SolaranRx, a privately held biotechnology company developing a new class of precision medicine for the treatment of metastatic melanoma, today announced that it has entered into a Cooperative Research and Development Agreement (CRADA) with the National Cancer Institute (NCI), part of the National Institutes of Health. SolaranRx and the NCI will work together to advance SolaranRx’s Precision Theranostic Platform™ that employs radiopharmaceutical therapies and companion imaging agents for metastatic melanoma, the most lethal form of skin cancer and highly resistant to current therapies.

Under the CRADA, the two parties will jointly evaluate SRX-1177, SolaranRx’s proprietary lead compound in preclinical mouse models of metastatic melanoma. SolaranRx’s technology precisely targets deadly melanoma tumors with its novel radiolabeled peptide that specifically binds to melanocortin-1 (MC1) receptors over-expressed in about 80 percent of human melanomas.

NCI’s Center for Advanced Preclinical Research (CAPR)’s group will work with SolaranRx to achieve the CRADA goals. SolaranRx CEO Les Stewart will serve as the collaborator principal investigator. CAPR conducts comprehensive preclinical studies to evaluate efficacy of therapeutics and diagnostics for human cancers.

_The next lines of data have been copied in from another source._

section \<open>Ergodicity links any two sets of positive measure\<close>

lemma tail_rel_Psi_Image_sets:
  assumes "E \<in> sets p"
  shows "tail_rel_Psi X G `` E \<in> sets p"
  unfolding tail_rel_Psi_Image_eq
proof (rule sets.countable_UN'')
  show "countable {(F :: 'g set, u, v)\<in>windows. window_cocycle G F u v = 0}"
    using countable_windows by (rule countable_subset[rotated]) blast
next
  fix w assume "w \<in> {(F :: 'g set, u, v)\<in>windows. window_cocycle G F u v = 0}"
  then obtain F u v where w: "w = (F, u, v)" "finite F" by (auto simp: windows_def)
  have "(\<lambda>x. override_on x v F) ` (E \<inter> window_dom X F u v) \<in> sets p"
    by (rule measurable_bij_image_sets[OF cocycle_map_measurable_bij[OF cocycle_map_window[OF w(2)]]])
      (use assms window_dom_sets in auto)
  then show "(case w of (F, u, v) \<Rightarrow> (\<lambda>x. override_on x v F) ` (E \<inter> window_dom X F u v)) \<in> sets p"
    using w(1) by simp
qed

“We are very pleased to be working in conjunction with the research team at CAPR led by Dr. Zoe Weaver Ohler, an expert in preclinical cancer models useful for translation to human studies,” Stewart said. “Combining our expertise with that of the NCI through the CRADA will help SolaranRx accelerate the development of our Precision Theranostic Platform for metastatic melanoma.”

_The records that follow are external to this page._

(* Let $G$ be a graph with maximum degree $\Delta$. Then $\chi_{ei}(G)\le \Delta(\Delta-1)^2+1$. This bound is attained (with equality) by every odd cycle $C_n$ with $n\ge 5$.
   Context: All graphs are finite and simple. A path $P_4$ in $G$ is a sequence $uxyv$ of four distinct vertices with $ux,xy,yv\in E(G)$; $u,v$ are its end vertices. An $e$-injective $k$-coloring of $G$ is a function $f:V(G)\to\{1,\dots,k\}$ with $f(u)\ne f(v)$ whenever $u,v$ are the end vertices of some path $P_4$ in $G$; $\chi_{ei}(G)$ is the least such $k$. $C_n$ is the cycle on $n$ vertices. *)

theory Defs
  imports Main
begin

definition simple_graph :: "'a set \<Rightarrow> ('a \<Rightarrow> 'a \<Rightarrow> bool) \<Rightarrow> bool" where
  "simple_graph V E \<longleftrightarrow> finite V \<and>
     (\<forall>u v. E u v \<longrightarrow> u \<in> V \<and> v \<in> V \<and> u \<noteq> v \<and> E v u)"

definition P4_ends :: "('a \<Rightarrow> 'a \<Rightarrow> bool) \<Rightarrow> 'a \<Rightarrow> 'a \<Rightarrow> bool" where
  "P4_ends E u v \<longleftrightarrow> (\<exists>x y. distinct [u, x, y, v] \<and> E u x \<and> E x y \<and> E y v)"

definition ei_coloring :: "'a set \<Rightarrow> ('a \<Rightarrow> 'a \<Rightarrow> bool) \<Rightarrow> nat \<Rightarrow> ('a \<Rightarrow> nat) \<Rightarrow> bool" where
  "ei_coloring V E k f \<longleftrightarrow> (\<forall>v\<in>V. f v \<in> {1..k}) \<and>
     (\<forall>u v. P4_ends E u v \<longrightarrow> f u \<noteq> f v)"

definition chi_ei :: "'a set \<Rightarrow> ('a \<Rightarrow> 'a \<Rightarrow> bool) \<Rightarrow> nat" where
  "chi_ei V E = (LEAST k. \<exists>f. ei_coloring V E k f)"

definition degree :: "'a set \<Rightarrow> ('a \<Rightarrow> 'a \<Rightarrow> bool) \<Rightarrow> 'a \<Rightarrow> nat" where
  "degree V E v = card {u \<in> V. E v u}"

definition max_degree :: "'a set \<Rightarrow> ('a \<Rightarrow> 'a \<Rightarrow> bool) \<Rightarrow> nat" where
  "max_degree V E = Max (insert 0 (degree V E ` V))"

definition cycle_adj :: "nat \<Rightarrow> nat \<Rightarrow> nat \<Rightarrow> bool" where
  "cycle_adj n i j \<longleftrightarrow> i < n \<and> j < n \<and> (j = (i + 1) mod n \<or> i = (j + 1) mod n)"

end

theory Submission
  imports Defs
begin

(* For a fixed end u, a path u x y v is determined by a neighbour x of u, a neighbour y \<noteq> u of x
   and a neighbour v \<noteq> x of y, so at most \<Delta>(\<Delta>-1)^2 vertices are P4-ends of u. Greedily colouring
   the graph "v is a P4-end of u" therefore needs at most \<Delta>(\<Delta>-1)^2 + 1 colours.
   For an odd cycle C_n with n \<ge> 5 we have \<Delta> = 2, and i, i+3 (mod n) are always the ends of a P4.
   With only two colours the colour would alternate along 0, 3, 6, ... (mod n), which returns to 0
   after the odd number n of steps: a contradiction, so three colours are needed. *)

lemma card_UN_le_card_mult:
  assumes "finite A" and "\<And>x. x \<in> A \<Longrightarrow> card (B x) \<le> m"
  shows "card (\<Union>x\<in>A. B x) \<le> card A * m"
proof -
  have "card (\<Union>x\<in>A. B x) \<le> (\<Sum>x\<in>A. card (B x))"
    using assms(1) by (rule card_UN_le)
  also have "\<dots> \<le> card A * m"
    using sum_bounded_above[of A "\<lambda>x. card (B x)" m] assms(2) by simp
  finally show ?thesis .
qed

lemma greedy_coloring:
  assumes "finite V"
    and sym: "\<And>u v. R u v \<Longrightarrow> R v u" and irrefl: "\<And>u. \<not> R u u"
    and "\<And>u. u \<in> V \<Longrightarrow> card {v \<in> V. R u v} \<le> d"
  shows "\<exists>f. (\<forall>v\<in>V. f v \<in> {1..d+1}) \<and> (\<forall>u\<in>V. \<forall>v\<in>V. R u v \<longrightarrow> f u \<noteq> f v)"
  using assms(1,4)
proof (induction V rule: finite_induct)
  case empty
  show ?case by simp
next
  case (insert x S)
  have "card {v \<in> S. R u v} \<le> d" if "u \<in> S" for u
  proof -
    have "card {v \<in> S. R u v} \<le> card {v \<in> insert x S. R u v}"
      using insert.hyps(1) by (intro card_mono) auto
    then show ?thesis using insert.prems[of u] that by simp
  qed
  then obtain f where f_range: "\<forall>v\<in>S. f v \<in> {1..d+1}"
    and f_proper: "\<forall>u\<in>S. \<forall>v\<in>S. R u v \<longrightarrow> f u \<noteq> f v"
    using insert.IH by blast
  let ?used = "f ` {v \<in> S. R x v}"
  have "card ?used \<le> card {v \<in> S. R x v}"
    by (rule card_image_le) (use insert.hyps(1) in simp)
  also have "\<dots> \<le> card {v \<in> insert x S. R x v}"
    using insert.hyps(1) by (intro card_mono) auto
  also have "\<dots> \<le> d"
    using insert.prems by simp
  finally have "card ?used < card {1..d+1}" by simp
  then have "\<not> {1..d+1} \<subseteq> ?used"
    using card_mono[of ?used "{1..d+1}"] insert.hyps(1) by auto
  then obtain c where c: "c \<in> {1..d+1}" "c \<notin> ?used" by blast
  have "\<forall>u\<in>insert x S. \<forall>v\<in>insert x S. R u v \<longrightarrow> (f(x := c)) u \<noteq> (f(x := c)) v"
    using f_proper c(2) insert.hyps(2) irrefl sym by auto
  moreover have "\<forall>v\<in>insert x S. (f(x := c)) v \<in> {1..d+1}"
    using f_range c(1) by simp
  ultimately show ?case by blast
qed

lemma card_neighbours_le_max_degree:
  assumes "finite V" "v \<in> V"
  shows "card {u \<in> V. E v u} \<le> max_degree V E"
  unfolding max_degree_def using assms by (intro Max_ge) (auto simp: degree_def)

lemma max_degree_regular:
  assumes "V \<noteq> {}" and "\<And>v. v \<in> V \<Longrightarrow> degree V E v = d"
  shows "max_degree V E = d"
proof -
  have "degree V E ` V = {d}" using assms by auto
  then show ?thesis by (simp add: max_degree_def)
qed

lemma P4_ends_irrefl: "\<not> P4_ends E u u"
  unfolding P4_ends_def by simp

lemma P4_ends_sym:
  assumes "simple_graph V E" "P4_ends E u v"
  shows "P4_ends E v u"
proof -
  obtain x y where "distinct [u, x, y, v]" "E u x" "E x y" "E y v"
    using assms(2) unfolding P4_ends_def by blast
  then have "distinct [v, y, x, u]" "E v y" "E y x" "E x u"
    using assms(1) unfolding simple_graph_def by auto
  then show ?thesis unfolding P4_ends_def by blast
qed

lemma P4_ends_in_vertices:
  assumes "simple_graph V E" "P4_ends E u v"
  shows "u \<in> V" "v \<in> V"
  using assms unfolding simple_graph_def P4_ends_def by blast+

lemma card_P4_ends_le:
  assumes G: "simple_graph V E" and "u \<in> V"
  shows "card {v \<in> V. P4_ends E u v} \<le> max_degree V E * (max_degree V E - 1)^2"
proof -
  define \<Delta> where "\<Delta> = max_degree V E"
  define N where "N w = {z \<in> V. E w z}" for w
  have fin: "finite V" and adj: "\<And>a b. E a b \<Longrightarrow> a \<in> V \<and> b \<in> V \<and> a \<noteq> b \<and> E b a"
    using G unfolding simple_graph_def by blast+
  have finite_N: "finite (N w)" for w
    unfolding N_def using fin by simp
  have card_N: "card (N w) \<le> \<Delta>" if "w \<in> V" for w
    unfolding N_def \<Delta>_def using card_neighbours_le_max_degree[OF fin that] .
  have card_N_minus: "card (N b - {a}) \<le> \<Delta> - 1" if "E a b" for a b
  proof -
    have "a \<in> N b" "b \<in> V" using adj[OF that] unfolding N_def by auto
    then show ?thesis using card_N[of b] finite_N by (simp add: card_Diff_singleton)
  qed
  have "{v \<in> V. P4_ends E u v} \<subseteq> (\<Union>x\<in>N u. \<Union>y\<in>N x - {u}. N y - {x})"
    unfolding P4_ends_def N_def using adj by fastforce
  then have "card {v \<in> V. P4_ends E u v} \<le> card (\<Union>x\<in>N u. \<Union>y\<in>N x - {u}. N y - {x})"
    using finite_N by (intro card_mono) auto
  also have "\<dots> \<le> card (N u) * ((\<Delta> - 1) * (\<Delta> - 1))"
  proof (intro card_UN_le_card_mult finite_N)
    fix x assume "x \<in> N u"
    then have ux: "E u x" unfolding N_def by simp
    have "card (\<Union>y\<in>N x - {u}. N y - {x}) \<le> card (N x - {u}) * (\<Delta> - 1)"
      using finite_N card_N_minus unfolding N_def by (intro card_UN_le_card_mult) auto
    also have "\<dots> \<le> (\<Delta> - 1) * (\<Delta> - 1)"
      using card_N_minus[OF ux] by simp
    finally show "card (\<Union>y\<in>N x - {u}. N y - {x}) \<le> (\<Delta> - 1) * (\<Delta> - 1)" .
  qed
  also have "\<dots> \<le> \<Delta> * (\<Delta> - 1)^2"
    using card_N[OF \<open>u \<in> V\<close>] by (simp add: power2_eq_square)
  finally show ?thesis unfolding \<Delta>_def .
qed

lemma ei_coloring_exists:
  assumes G: "simple_graph V E"
  shows "\<exists>f. ei_coloring V E (max_degree V E * (max_degree V E - 1)^2 + 1) f"
proof -
  let ?k = "max_degree V E * (max_degree V E - 1)^2"
  have "finite V" using G by (simp add: simple_graph_def)
  then have "\<exists>f. (\<forall>v\<in>V. f v \<in> {1..?k+1}) \<and> (\<forall>u\<in>V. \<forall>v\<in>V. P4_ends E u v \<longrightarrow> f u \<noteq> f v)"
    by (rule greedy_coloring[OF _ P4_ends_sym[OF G] P4_ends_irrefl card_P4_ends_le[OF G]])
  then obtain f where range: "\<forall>v\<in>V. f v \<in> {1..?k+1}"
    and proper: "\<forall>u\<in>V. \<forall>v\<in>V. P4_ends E u v \<longrightarrow> f u \<noteq> f v"
    by blast
  have "f u \<noteq> f v" if "P4_ends E u v" for u v
    using proper P4_ends_in_vertices[OF G that] that by simp
  with range have "ei_coloring V E (?k + 1) f"
    unfolding ei_coloring_def by simp
  then show ?thesis by blast
qed

lemma chi_ei_le:
  assumes "ei_coloring V E k f"
  shows "chi_ei V E \<le> k"
  unfolding chi_ei_def using assms by (blast intro: Least_le)

lemma ei_coloring_chi_ei:
  assumes "ei_coloring V E k f"
  shows "\<exists>g. ei_coloring V E (chi_ei V E) g"
proof -
  have "\<exists>k f. ei_coloring V E k f" using assms by blast
  then show ?thesis unfolding chi_ei_def by (rule LeastI_ex)
qed

lemma mod_add_cancel_left:
  fixes i k l n :: nat
  assumes "k < n" "l < n"
  shows "(i + k) mod n = (i + l) mod n \<longleftrightarrow> k = l"
proof -
  have "(i + k) mod n = (i + l) mod n \<longleftrightarrow> k mod n = l mod n"
    by (simp add: nat_mod_eq_iff)
  then show ?thesis using assms by simp
qed

lemma cycle_adj_Suc:
  assumes "i < n"
  shows "cycle_adj n i ((i + 1) mod n)"
  unfolding cycle_adj_def using assms by simp

lemma cycle_adj_iff:
  assumes "i < n" "u < n"
  shows "cycle_adj n i u \<longleftrightarrow> u = (i + 1) mod n \<or> u = (i + (n - 1)) mod n"
proof -
  have "((u + 1) mod n + (n - 1)) mod n = (u + n) mod n"
    using assms mod_add_left_eq[of "u + 1" n "n - 1"] by simp
  moreover have "((i + (n - 1)) mod n + 1) mod n = (i + n) mod n"
    using assms mod_add_left_eq[of "i + (n - 1)" n 1] by simp
  ultimately have "((u + 1) mod n + (n - 1)) mod n = u" "((i + (n - 1)) mod n + 1) mod n = i"
    using assms by simp_all
  then have "i = (u + 1) mod n \<longleftrightarrow> u = (i + (n - 1)) mod n" by metis
  then show ?thesis unfolding cycle_adj_def using assms by blast
qed

lemma simple_graph_cycle:
  assumes "2 \<le> n"
  shows "simple_graph {0..<n} (cycle_adj n)"
proof -
  have "u \<noteq> (u + 1) mod n" "(u + 1) mod n \<noteq> u" if "u < n" for u
    using mod_add_cancel_left[of 0 n 1 u] that assms by simp_all
  then show ?thesis unfolding simple_graph_def cycle_adj_def by auto
qed

lemma degree_cycle:
  assumes "3 \<le> n" "i < n"
  shows "degree {0..<n} (cycle_adj n) i = 2"
proof -
  have "{u \<in> {0..<n}. cycle_adj n i u} = {(i + 1) mod n, (i + (n - 1)) mod n}"
    using cycle_adj_iff[OF assms(2)] assms by auto
  moreover have "(i + 1) mod n \<noteq> (i + (n - 1)) mod n"
    using mod_add_cancel_left[of 1 n "n - 1" i] assms by simp
  ultimately show ?thesis unfolding degree_def by simp
qed

lemma max_degree_cycle:
  assumes "3 \<le> n"
  shows "max_degree {0..<n} (cycle_adj n) = 2"
  using assms by (intro max_degree_regular degree_cycle) auto

lemma P4_ends_cycle:
  assumes "4 \<le> n" "i < n"
  shows "P4_ends (cycle_adj n) i ((i + 3) mod n)"
proof -
  define p where "p k = (i + k) mod n" for k
  have p_eq_iff: "p k = p l \<longleftrightarrow> k = l" if "k < n" "l < n" for k l
    unfolding p_def using that by (rule mod_add_cancel_left)
  have step: "cycle_adj n (p k) (p (k + 1))" for k
    using cycle_adj_Suc[of "p k" n] assms(2) unfolding p_def by (simp add: mod_Suc_eq)
  have "distinct [p 0, p 1, p 2, p 3]"
    using assms(1) by (simp add: p_eq_iff)
  moreover have "cycle_adj n (p 0) (p 1)" "cycle_adj n (p 1) (p 2)" "cycle_adj n (p 2) (p 3)"
    using step[of 0] step[of 1] step[of 2] by (simp_all add: numeral_2_eq_2 numeral_3_eq_3)
  ultimately have "P4_ends (cycle_adj n) (p 0) (p 3)"
    unfolding P4_ends_def by blast
  moreover have "p 0 = i" using assms(2) unfolding p_def by simp
  ultimately show ?thesis unfolding p_def by simp
qed

lemma ei_coloring_odd_cycle_ge_3:
  assumes "odd n" "5 \<le> n" and f: "ei_coloring {0..<n} (cycle_adj n) k f"
  shows "3 \<le> k"
proof (rule ccontr)
  assume "\<not> 3 \<le> k"
  have two_colours: "f i = 1 \<or> f i = 2" if "i < n" for i
  proof -
    have "f i \<in> {1..k}" using f that unfolding ei_coloring_def by simp
    then show ?thesis using \<open>\<not> 3 \<le> k\<close> by auto
  qed
  have "f i \<noteq> f ((i + 3) mod n)" if "i < n" for i
    using f P4_ends_cycle[of n i] that assms(2) unfolding ei_coloring_def by simp
  then have flip: "f ((i + 3) mod n) = 3 - f i" if "i < n" for i
    using two_colours[OF that] two_colours[of "(i + 3) mod n"] that by fastforce
  have "f (3 * j mod n) = (if even j then f 0 else 3 - f 0)" for j
  proof (induction j)
    case 0
    show ?case by simp
  next
    case (Suc j)
    have "3 * Suc j mod n = (3 * j mod n + 3) mod n"
      by (metis mod_add_left_eq mult_Suc_right add.commute)
    then have "f (3 * Suc j mod n) = 3 - f (3 * j mod n)"
      using flip[of "3 * j mod n"] assms(2) by simp
    then show ?case using Suc.IH two_colours[of 0] assms(2) by auto
  qed
  from this[of n] have "f 0 = 3 - f 0" using assms(1) by simp
  then show False using two_colours[of 0] assms(2) by auto
qed

theorem proposition2p8:
  shows "(\<forall>(V :: 'a set) E. simple_graph V E \<longrightarrow>
            chi_ei V E \<le> max_degree V E * (max_degree V E - 1)^2 + 1)
       \<and> (\<forall>n::nat. odd n \<and> 5 \<le> n \<longrightarrow>
            chi_ei {0..<n} (cycle_adj n)
              = max_degree {0..<n} (cycle_adj n) * (max_degree {0..<n} (cycle_adj n) - 1)^2 + 1)"
proof (intro conjI allI impI)
  fix V :: "'a set" and E
  assume "simple_graph V E"
  then show "chi_ei V E \<le> max_degree V E * (max_degree V E - 1)^2 + 1"
    using ei_coloring_exists chi_ei_le by blast
next
  fix n :: nat
  assume n: "odd n \<and> 5 \<le> n"
  then have \<Delta>: "max_degree {0..<n} (cycle_adj n) = 2"
    by (intro max_degree_cycle) simp
  have "\<exists>f. ei_coloring {0..<n} (cycle_adj n) 3 f"
    using ei_coloring_exists[OF simple_graph_cycle[of n]] n by (simp add: \<Delta>)
  then obtain f where f: "ei_coloring {0..<n} (cycle_adj n) 3 f" ..
  then obtain g where "ei_coloring {0..<n} (cycle_adj n) (chi_ei {0..<n} (cycle_adj n)) g"
    using ei_coloring_chi_ei by blast
  then have "3 \<le> chi_ei {0..<n} (cycle_adj n)"
    using ei_coloring_odd_cycle_ge_3 n by blast
  with chi_ei_le[OF f] show "chi_ei {0..<n} (cycle_adj n)
      = max_degree {0..<n} (cycle_adj n) * (max_degree {0..<n} (cycle_adj n) - 1)^2 + 1"
    by (simp add: \<Delta>)
qed

end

Stewart added, “Current immunotherapy treatments for malignant melanoma are effective in only a subset of patients, and a significant number of patients must stop treatment due to side effects. Thus, new therapeutic modalities like SolaranRx’s Precision Theranostic Platform that may be effective in a broader melanoma patient population are greatly needed.”

SolaranRx’ own preclinical studies have yielded promising results, demonstrating proof-of-concept. Studies in mice show highly specific targeting of melanoma metastases and clear visualization of tumor location. Combining therapeutic and diagnostic radionuclides with its lead peptide has demonstrated superior tumor uptake, no off target effects and reduced renal retention in melanoma mouse models. The merger of therapy and diagnostics creates a unique theranostic product for metastatic melanoma.

NCI CAPR has adapted and optimized a novel Genetically Engineered Mouse-Derived Allograft (GDA) for preclinical study of therapies for primary and metastatic melanoma. This GDA model exhibits melanoma markers and progression pattern relevant to human disease, and allows monitoring of growth and therapeutic responses in primary and metastatic melanoma in the context of a normal immune system. Therefore, it can be used in testing therapies that target cancer cells and/or immune cells in intervention or adjuvant settings.